I also added code to the client to cache as much as possible to avoid calling the server more than necessary.
Okay, I know this sounds like an ad, but it's not. Since my entire application was now deterministic and precomputed, there was very little room for me to improve on the server side. The performance wasn't quite where I needed in to be for this to be something I could really run on my VPS, so I decided to do the last logical thing, shift everything to the client.
I have a list of 400,000 word and their vectors that can be used as an input, and I have a list of 8000 words and their vectors that can be the output. The 400k input list is massive, around 600MB when loaded into memory. I can't send that to a browser; it would crash a mobile phone instantly. But the output list? It's around 60 MB, but when compressed it's closer to 10 MB.
That’s smaller than the intro animation on many startup landing pages.
I realized I could split the architecture down the middle:
Since the output matrix is static, I can use cloudflare to cache it. This brings my bandwidth costs down to nearly 0, and the only requests made to my server are trivial API calls.
The final stack is a "Hybrid Edge-Compute" model that runs on a budget of roughly $5/month, yet scales almost infinitely.
I deployed a simple Python/Flask container on a cheap VPS. Its only job is to hold the 400,000-word input map in memory.

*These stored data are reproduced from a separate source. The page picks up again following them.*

lemma cf_den_le_imp_index_le_ln:
  assumes irr: "a \<notin> \<rat>" and m: "m \<ge> 1" and n: "n \<ge> 3" and den: "cf_den a m \<le> int n"
  shows "real m \<le> 5 * ln (real n)"
proof -
  define k where "k = (m - 1) div 2"
  have "(2::int) ^ k \<le> int n"
    using cf_den_ge_power_2[OF irr m] den unfolding k_def by linarith
  then have "(2::real) ^ k \<le> real n"
    by (metis of_int_le_iff of_int_numeral of_int_power of_int_of_nat_eq)
  then have "real k \<le> log 2 (real n)"
    by (intro le_log_of_power) auto
  also have "\<dots> = ln (real n) / ln 2"
    by (simp add: log_def)
  also have "\<dots> \<le> ln (real n) / (2/3)"
    using n ln2_ge_two_thirds by (intro divide_left_mono) auto
  finally have "real k \<le> 3/2 * ln (real n)"
    by simp
  moreover have "real m \<le> 2 * real k + 2"
    unfolding k_def using m by linarith
  ultimately show ?thesis
    using ln_ge_1_of_ge_3[OF n] by linarith
qed

lemma pq_bounded_in_average_imp_approx_lower_bound:
  assumes irr: "a \<notin> \<rat>" and avg: "pq_bounded_in_average a"
  shows "\<exists>K>0. \<forall>n d p. 3 \<le> n \<longrightarrow> 1 \<le> d \<longrightarrow> d \<le> n \<longrightarrow>
           1 / (K * real d * ln (real n)) \<le> \<bar>real d * a - of_int p\<bar>"
proof -
  obtain B where B: "\<And>m. m \<ge> 1 \<Longrightarrow> real_of_int (\<Sum>i=1..m. cf_pq a i) \<le> B * real m"
    using avg unfolding pq_bounded_in_average_def by blast
  have pq_le: "real_of_int (cf_pq a m) \<le> B * real m" if "m \<ge> 1" for m
    using cf_pq_le_sum_cf_pq[OF irr that] B[OF that] by linarith
  have B1: "B \<ge> 1"
    using pq_le[of 1] cf_pq_Suc_ge_1[OF irr, of 0] by simp
  define K where "K = 5 * B + 2"
  have "K > 0"
    using B1 unfolding K_def by simp
  moreover have "1 / (K * real d * ln (real n)) \<le> \<bar>real d * a - of_int p\<bar>"
    if n: "3 \<le> n" and d: "1 \<le> d" "d \<le> n" for n d :: nat and p
  proof -
    obtain m where m: "m \<ge> 1" "cf_den a m \<le> int d"
      and approx: "1 / (real d * (of_int (cf_pq a m) + 2)) \<le> \<bar>real d * a - of_int p\<bar>"
      using abs_mult_sub_int_ge_cf_pq[OF irr, of "int d" p] d by auto
    have "real m \<le> 5 * ln (real n)"
      using cf_den_le_imp_index_le_ln[OF irr m(1) n] m(2) d by linarith
    then have "B * real m \<le> B * (5 * ln (real n))"
      using B1 by (intro mult_left_mono) auto
    then have "of_int (cf_pq a m) + 2 \<le> K * ln (real n)"
      using pq_le[OF m(1)] ln_ge_1_of_ge_3[OF n] unfolding K_def by (simp add: algebra_simps)
    moreover have "of_int (cf_pq a m) + 2 > (0::real)"
      using m(1) cf_pq_Suc_ge_1[OF irr, of "m - 1"] by simp
    moreover have "real d \<ge> 1"
      using d by simp
    moreover have "0 < ln (real n)"
      using ln_ge_1_of_ge_3[OF n] by simp
    ultimately have "1 / (real d * (K * ln (real n))) \<le> 1 / (real d * (of_int (cf_pq a m) + 2))"
      using \<open>K > 0\<close> by (intro divide_left_mono mult_left_mono mult_pos_pos) auto
    with approx show ?thesis
      by (simp add: mult.assoc mult.left_commute)
  qed
  ultimately show ?thesis
    by blast
qed

text \<open>AM-GM gives \<open>D e + d E \<ge> 2 sqrt (D E e d) \<ge> 2 c x\<close>.\<close>

lemma chain_card_bound_step:
  fixes c D E d e x :: real
  assumes c: "c > 0" and "D \<ge> 0" "E \<ge> 0" "d > 0" and step: "c \<le> e * d"
    and chain: "c * x\<^sup>2 \<le> D * E" and "x \<ge> 0"
  shows "c * (x + 1)\<^sup>2 \<le> (D + d) * (E + e)"
proof -
  have "e \<ge> 0"
  proof (rule ccontr)
    assume "\<not> e \<ge> 0"
    then have "e * d < 0"
      using \<open>d > 0\<close> by (simp add: mult_neg_pos)
    with c step show False
      by linarith
  qed
  have "(2 * c * x)\<^sup>2 = 4 * (c * x\<^sup>2) * c"
    by algebra
  also have "\<dots> \<le> 4 * (D * E) * (e * d)"
  proof -
    have "(c * x\<^sup>2) * c \<le> (D * E) * (e * d)"
      using chain step by (rule mult_mono) (use assms in simp_all)
    then show ?thesis
      by linarith
  qed
  also have "\<dots> \<le> (D * e - d * E)\<^sup>2 + 4 * (D * E) * (e * d)"
    by simp
  also have "\<dots> = (D * e + d * E)\<^sup>2"
    by algebra
  finally have "2 * c * x \<le> D * e + d * E"
  proof (rule power2_le_imp_le)
    show "0 \<le> D * e + d * E"
      using assms \<open>e \<ge> 0\<close> by simp
  qed
  moreover have "c * (x + 1)\<^sup>2 = c * x\<^sup>2 + 2 * c * x + c"
    by algebra
  moreover have "(D + d) * (E + e) = D * E + (D * e + d * E) + e * d"
    by algebra
  ultimately show ?thesis
    using chain step by linarith
qed

lemma chain_card_bound:
  fixes y :: "nat \<Rightarrow> real"
  assumes "finite F" "F \<noteq> {}" "c > 0"
    and "\<And>k k'. k \<in> F \<Longrightarrow> k' \<in> F \<Longrightarrow> k < k' \<Longrightarrow> c / real (k' - k) \<le> y k - y k'"
  shows "c * (real (card F) - 1)\<^sup>2 \<le> real (Max F - Min F) * (y (Min F) - y (Max F))"
  using assms(1,2,4)
proof (induction F rule: finite_linorder_max_induct)
  case empty
  then show ?case by simp
next
  case (insert b A)
  show ?case
  proof (cases "A = {}")
    case True
    then show ?thesis by simp
  next
    case False
    have gap: "c / real (k' - k) \<le> y k - y k'" if "k \<in> insert b A" "k' \<in> insert b A" "k < k'" for k k'
      using insert.prems(2) that .
    have IH: "c * (real (card A) - 1)\<^sup>2 \<le> real (Max A - Min A) * (y (Min A) - y (Max A))"
      using insert.IH False gap by blast
    have A: "Max A \<in> A" "Min A \<in> A" "Min A \<le> Max A" "Max A < b"
      using insert.hyps False by auto
    have drop: "0 \<le> y (Min A) - y (Max A)"
    proof (cases "Min A < Max A")
      case True
      have "0 \<le> c / real (Max A - Min A)"
        using \<open>c > 0\<close> by simp
      also have "\<dots> \<le> y (Min A) - y (Max A)"
        using gap A True by blast
      finally show ?thesis .
    qed (use A in simp)
    have "c / real (b - Max A) \<le> y (Max A) - y b"
      using gap A by blast
    then have "c \<le> (y (Max A) - y b) * real (b - Max A)"
      using A by (simp add: divide_le_eq)
    then have "c * ((real (card A) - 1) + 1)\<^sup>2
        \<le> (real (Max A - Min A) + real (b - Max A)) * ((y (Min A) - y (Max A)) + (y (Max A) - y b))"
      using A IH drop insert.hyps(1) False \<open>c > 0\<close>
      by (intro chain_card_bound_step) (auto simp: Suc_le_eq card_gt_0_iff)
    moreover have "Max (insert b A) = b" "Min (insert b A) = Min A"
      using insert.hyps(1) False A by (simp_all add: Max_insert Min_insert)
    moreover have "card (insert b A) = Suc (card A)"
      using insert.hyps by auto
    moreover have "real (b - Min A) = real (Max A - Min A) + real (b - Max A)"
      using A by simp
    ultimately show ?thesis
      by simp
  qed
qed

lemma B_alpha_bounds:
  assumes "k \<ge> 1"
  shows "B_alpha a k \<in> {1..k}"
proof -
  let ?S = "{q \<in> {1..k}. frac (real q * a) \<le> frac (real k * a)}"
  have "finite ?S" and "k \<in> ?S"
    using assms by simp_all
  then have "card ?S > 0"
    using card_gt_0_iff by blast
  moreover have "card ?S \<le> card {1..k}"
    by (intro card_mono) auto
  ultimately show ?thesis
    unfolding B_alpha_def by simp
qed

GET /api/vector?word=obtainO(1) hash map lookup.The 10MB output matrix is static. It doesn't change unless I update my "Soul List" or "Essential Vocabulary." I configured the server to send a Cache-Control: public, max-age=3600 header.
This is where the magic happens. Using JavaScript's Float32Array, modern browsers are shockingly fast at linear algebra.
King - Man + Woman, the browser fetches the three vectors from the server (or its local cache), does the math, and runs a dot product against the 8,000 local vectors.The result is a word vector explorer that feels instant, costs almost nothing to host, and scales passively through CDN caching. The server is just a lookup table; the browser does all the real math. Sometimes the best architecture is the one that makes your infra bill disappear.